Enough of politics: what about the web’s commercial horizons in China?
Here the landscape is often one in which the top firms have developed Middle Kingdom copies of overseas successes.
Companies like Tencent, Baidu and Youku have all become household names. But probably top of the tree is e-commerce leviathan the Alibaba Group, the controlling shareholder of Taobao (an online shopping platform for consumers: see WiC94), a PayPal-equivalent called Alipay, and Alibaba.com, a leading business-to-business portal.
Taobao in particular is a beast of a business. According to company data, 120 million visitors came to its sites each day last year, with almost 800 items being purchased online every second.
Led by Jack Ma, Alibaba sought out Yahoo in 2005 as a strategic investor. But its progress has been so rapid that it’s an open secret that Ma now sees the Californian firm as an industry has-been – and wants it out of the picture.
The critics counter that most of these companies are mollycoddled and will never be able to compete internationally. Perhaps that’s true, although another online brand that deserves special mention for its domestic impact is Sina, a news portal that has transformed how China digests its news.
We first mentioned Sina’s new microblog or weibo service in 2010. By early the following year it had become a phenomenon, spawning a massive new online subculture of news, views and gossip (see WiC95).
Initially, we introduced weibo as a “Twitter-like” service but the label seriously undersells its impact, especially its social influence.
From online cranks through to respected commentators with multi-million audiences, this emerging breed of microblogs has pulsed with energy and debate. To get an idea of their ubiquity: a recent survey by ad agency JWT found that 79% of 18 to 26 year-olds look at Sina Weibo at least once a day – ranking it the top social media in China among this key demographic.
Of course, this has meant a new headache for the regulators, as well as a challenge to traditional newspapers and television channels, which have been losing a chunk of their audience to feistier weibo content.
The first sign of these two trends converging came after Wenzhou’s tragic rail crash in July last year. While the traditional media waited for guidance on how to proceed, news of the accident was reaching weibo within minutes. Millions read the accounts from people at the scene and then added comments of their own. How did the smash happen, they asked?
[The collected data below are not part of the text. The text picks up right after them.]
(* Let $(X,d)$ be a compact metric space and $F:X\to 2^X$ a continuous set-valued map. Then the projection $\pi_0:\mathrm{Orb}_r(X)\to X$, $\pi_0((x_n))=x_0$, is an open map (with $\mathrm{Orb}_r(X)$ carrying the subspace topology of the product topology).
   Context: $2^X$ is the family of nonempty compact subsets of $X$. A set-valued map $F:X\to 2^X$ is upper semicontinuous if for every $x$ and open $U\supset F(x)$ there is a neighborhood $V$ of $x$ with $F(y)\subset U$ for $y\in V$; lower semicontinuous if for every $x$ and open $U$ with $F(x)\cap U\ne\emptyset$ there is a neighborhood $V$ of $x$ with $F(y)\cap U\neq\emptyset$ for $y\in V$; continuous if both. $\mathrm{Orb}_r(X)=\{(x_0,x_1,\dots)\in X^{\mathbb N}: x_{n+1}\in F(x_n)\ \forall n\}$. *)

theory Defs
  imports "HOL-Analysis.Analysis"
begin

definition setvalued_map :: "'a::metric_space set \<Rightarrow> ('a \<Rightarrow> 'a set) \<Rightarrow> bool" where
  "setvalued_map X F \<longleftrightarrow> (\<forall>x\<in>X. F x \<noteq> {} \<and> compact (F x) \<and> F x \<subseteq> X)"

definition usc_on :: "'a::topological_space set \<Rightarrow> ('a \<Rightarrow> 'a set) \<Rightarrow> bool" where
  "usc_on X F \<longleftrightarrow> (\<forall>x\<in>X. \<forall>U. openin (top_of_set X) U \<and> F x \<subseteq> U \<longrightarrow>
      (\<exists>V. openin (top_of_set X) V \<and> x \<in> V \<and> (\<forall>y\<in>V. F y \<subseteq> U)))"

definition lsc_on :: "'a::topological_space set \<Rightarrow> ('a \<Rightarrow> 'a set) \<Rightarrow> bool" where
  "lsc_on X F \<longleftrightarrow> (\<forall>x\<in>X. \<forall>U. openin (top_of_set X) U \<and> F x \<inter> U \<noteq> {} \<longrightarrow>
      (\<exists>V. openin (top_of_set X) V \<and> x \<in> V \<and> (\<forall>y\<in>V. F y \<inter> U \<noteq> {})))"

definition continuous_setvalued_on :: "'a::topological_space set \<Rightarrow> ('a \<Rightarrow> 'a set) \<Rightarrow> bool" where
  "continuous_setvalued_on X F \<longleftrightarrow> usc_on X F \<and> lsc_on X F"

definition Orb :: "'a set \<Rightarrow> ('a \<Rightarrow> 'a set) \<Rightarrow> (nat \<Rightarrow> 'a) set" where
  "Orb X F = {x. (\<forall>n. x n \<in> X) \<and> (\<forall>n. x (Suc n) \<in> F (x n))}"

end

theory Submission
  imports Defs
begin

text \<open>Given an orbit x through a basic open cylinder
  \<open>U 0 \<times> \<dots> \<times> U N \<times> X \<times> \<dots>\<close>, induction on N backwards along the orbit produces a neighbourhood
  of \<open>x 0\<close> each of whose points starts an orbit meeting \<open>U 0, \<dots>, U N\<close>: the points of \<open>F y\<close>
  that start such orbits for the shifted cylinder form a set containing a neighbourhood of
  \<open>x 1\<close>, and lower semicontinuity keeps \<open>F y\<close> meeting it for y near \<open>x 0\<close>. Beyond N the orbit
  is continued arbitrarily, which is possible since F has nonempty values in X.\<close>

lemma Orb_shift:
  assumes "x \<in> Orb X F"
  shows "(\<lambda>n. x (Suc n)) \<in> Orb X F"
  using assms by (simp add: Orb_def)

lemma Orb_case_nat:
  assumes "y \<in> X" "z \<in> Orb X F" "z 0 \<in> F y"
  shows "case_nat y z \<in> Orb X F"
  using assms unfolding Orb_def by (auto split: nat.split)

lemma Orb_through:
  assumes F_values: "\<And>x. x \<in> X \<Longrightarrow> F x \<noteq> {} \<and> F x \<subseteq> X" and "y \<in> X"
  shows "\<exists>z\<in>Orb X F. z 0 = y"
proof -
  define z where "z = rec_nat y (\<lambda>_ p. SOME q. q \<in> F p)"
  have z_Suc: "z (Suc n) = (SOME q. q \<in> F (z n))" for n
    by (simp add: z_def)
  have z_in_X: "z n \<in> X" for n
  proof (induction n)
    case 0
    then show ?case using \<open>y \<in> X\<close> by (simp add: z_def)
  next
    case (Suc n)
    then show ?case unfolding z_Suc by (metis F_values ex_in_conv someI_ex subsetD)
  qed
  have "z (Suc n) \<in> F (z n)" for n
    unfolding z_Suc by (metis F_values z_in_X ex_in_conv someI_ex)
  with z_in_X have "z \<in> Orb X F"
    by (simp add: Orb_def)
  moreover have "z 0 = y"
    by (simp add: z_def)
  ultimately show ?thesis by blast
qed

lemma lsc_Orb_prefix_nhood:
  assumes F_values: "\<And>x. x \<in> X \<Longrightarrow> F x \<noteq> {} \<and> F x \<subseteq> X" and lsc: "lsc_on X F"
    and "x \<in> Orb X F" and "\<forall>i\<le>N. openin (top_of_set X) (U i) \<and> x i \<in> U i"
  shows "\<exists>V. openin (top_of_set X) V \<and> x 0 \<in> V \<and>
           (\<forall>y\<in>V. \<exists>z\<in>Orb X F. z 0 = y \<and> (\<forall>i\<le>N. z i \<in> U i))"
  using assms(3,4)
proof (induction N arbitrary: x U)
  case 0
  have "\<exists>z\<in>Orb X F. z 0 = y \<and> (\<forall>i\<le>0. z i \<in> U i)" if "y \<in> U 0" for y
  proof -
    have "y \<in> X" using that 0 openin_imp_subset by blast
    then obtain z where "z \<in> Orb X F" "z 0 = y"
      using Orb_through[of X F y] F_values by blast
    then show ?thesis using that by auto
  qed
  then show ?case using 0 by blast
next
  case (Suc N)
  have "\<forall>i\<le>N. openin (top_of_set X) (U (Suc i)) \<and> x (Suc i) \<in> U (Suc i)"
    using Suc.prems(2) by auto
  from Suc.IH[OF Orb_shift[OF Suc.prems(1)] this] obtain V1 where
    V1: "openin (top_of_set X) V1" "x 1 \<in> V1"
      "\<forall>w\<in>V1. \<exists>z\<in>Orb X F. z 0 = w \<and> (\<forall>i\<le>N. z i \<in> U (Suc i))"
    by auto
  have x0: "x 0 \<in> X" and "x 1 \<in> F (x 0)"
    using Suc.prems(1) by (auto simp: Orb_def)
  then have "F (x 0) \<inter> V1 \<noteq> {}"
    using V1(2) by blast
  then obtain V0 where
    V0: "openin (top_of_set X) V0" "x 0 \<in> V0" "\<forall>y\<in>V0. F y \<inter> V1 \<noteq> {}"
    using lsc x0 V1(1) unfolding lsc_on_def by blast
  have U0: "openin (top_of_set X) (U 0)" "x 0 \<in> U 0"
    using Suc.prems(2) by auto
  have "\<exists>z\<in>Orb X F. z 0 = y \<and> (\<forall>i\<le>Suc N. z i \<in> U i)" if y: "y \<in> V0 \<inter> U 0" for y
  proof -
    obtain w where w: "w \<in> F y" "w \<in> V1"
      using V0(3) y by blast
    then obtain z where z: "z \<in> Orb X F" "z 0 = w" "\<forall>i\<le>N. z i \<in> U (Suc i)"
      using V1(3) by blast
    have "y \<in> X" using y U0(1) openin_imp_subset by blast
    then have "case_nat y z \<in> Orb X F"
      using z(1,2) w(1) by (intro Orb_case_nat) auto
    moreover have "case_nat y z i \<in> U i" if "i \<le> Suc N" for i
      using that y z(3) by (cases i) auto
    ultimately show ?thesis
      by (intro bexI[of _ "case_nat y z"]) auto
  qed
  moreover have "openin (top_of_set X) (V0 \<inter> U 0)" "x 0 \<in> V0 \<inter> U 0"
    using V0 U0 by auto
  ultimately show ?case by blast
qed

lemma open_map_Orb_proj0:
  assumes F_values: "\<And>x. x \<in> X \<Longrightarrow> F x \<noteq> {} \<and> F x \<subseteq> X" and lsc: "lsc_on X F"
  shows "open_map (subtopology (product_topology (\<lambda>_::nat. top_of_set X) UNIV) (Orb X F))
                  (top_of_set X) (\<lambda>x. x 0)"
  unfolding open_map_def
proof (intro allI impI)
  fix W assume "openin (subtopology (product_topology (\<lambda>_::nat. top_of_set X) UNIV) (Orb X F)) W"
  then obtain S where S: "openin (product_topology (\<lambda>_::nat. top_of_set X) UNIV) S"
    and W: "W = S \<inter> Orb X F"
    by (auto simp: openin_subtopology)
  show "openin (top_of_set X) ((\<lambda>x. x 0) ` W)"
  proof (subst openin_subopen, intro ballI)
    fix y0 assume "y0 \<in> (\<lambda>x. x 0) ` W"
    then obtain x where x: "x \<in> S" "x \<in> Orb X F" and y0: "y0 = x 0"
      using W by auto
    obtain U where U: "finite {i. U i \<noteq> X}" "\<forall>i. openin (top_of_set X) (U i)"
        "x \<in> PiE UNIV U" "PiE UNIV U \<subseteq> S"
      using S x(1) unfolding openin_product_topology_alt by auto
    obtain N where N: "{i. U i \<noteq> X} \<subseteq> {..<N}"
      using U(1) finite_nat_bounded by blast
    have "\<forall>i\<le>N. openin (top_of_set X) (U i) \<and> x i \<in> U i"
      using U(2,3) by auto
    from lsc_Orb_prefix_nhood[of X F, OF F_values lsc x(2) this] obtain V where
      V: "openin (top_of_set X) V" "x 0 \<in> V"
        "\<forall>y\<in>V. \<exists>z\<in>Orb X F. z 0 = y \<and> (\<forall>i\<le>N. z i \<in> U i)"
      by blast
    have "V \<subseteq> (\<lambda>x. x 0) ` W"
    proof
      fix y assume "y \<in> V"
      then obtain z where z: "z \<in> Orb X F" "z 0 = y" "\<forall>i\<le>N. z i \<in> U i"
        using V(3) by blast
      have "z i \<in> U i" for i
      proof (cases "i \<le> N")
        case False
        then have "U i = X" using N by force
        then show ?thesis using z(1) by (simp add: Orb_def)
      qed (use z in auto)
      then have "z \<in> S" using U(4) by auto
      then show "y \<in> (\<lambda>x. x 0) ` W" using W z by auto
    qed
    then show "\<exists>T. openin (top_of_set X) T \<and> y0 \<in> T \<and> T \<subseteq> (\<lambda>x. x 0) ` W"
      using V y0 by blast
  qed
qed

theorem corollary3p3:
  fixes X :: "'a::metric_space set" and F :: "'a \<Rightarrow> 'a set"
  assumes "compact X"
    and "setvalued_map X F"
    and "continuous_setvalued_on X F"
  shows "open_map (subtopology (product_topology (\<lambda>_::nat. top_of_set X) UNIV) (Orb X F))
                  (top_of_set X) (\<lambda>x. x 0)"
proof (rule open_map_Orb_proj0)
  show "\<And>x. x \<in> X \<Longrightarrow> F x \<noteq> {} \<and> F x \<subseteq> X"
    using assms(2) by (simp add: setvalued_map_def)
  show "lsc_on X F"
    using assms(3) by (simp add: continuous_setvalued_on_def)
qed

end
Why did rescue workers try to bury some of the train carriages shortly afterwards? And why did they try to call off the search for survivors so quickly, nearly abandoning a 2 year-old girl?
Faced with this new level of scrutiny, the authorities have tried to impose new regulations requiring weibo users to register with their real names (WiC120), although many seem to have ignored them. But the censors haven’t given up: the commenting function on two of the leading platforms was temporarily switched off in April and a new “user contract” is to be launched for all the key weibo providers at the end of this month.
It’s a key story to keep an eye on. Even if China isn’t to become a fully-fledged member of the worldwide web, the politics of its internet will still be fascinating, as its web shifts in shape, scale and style.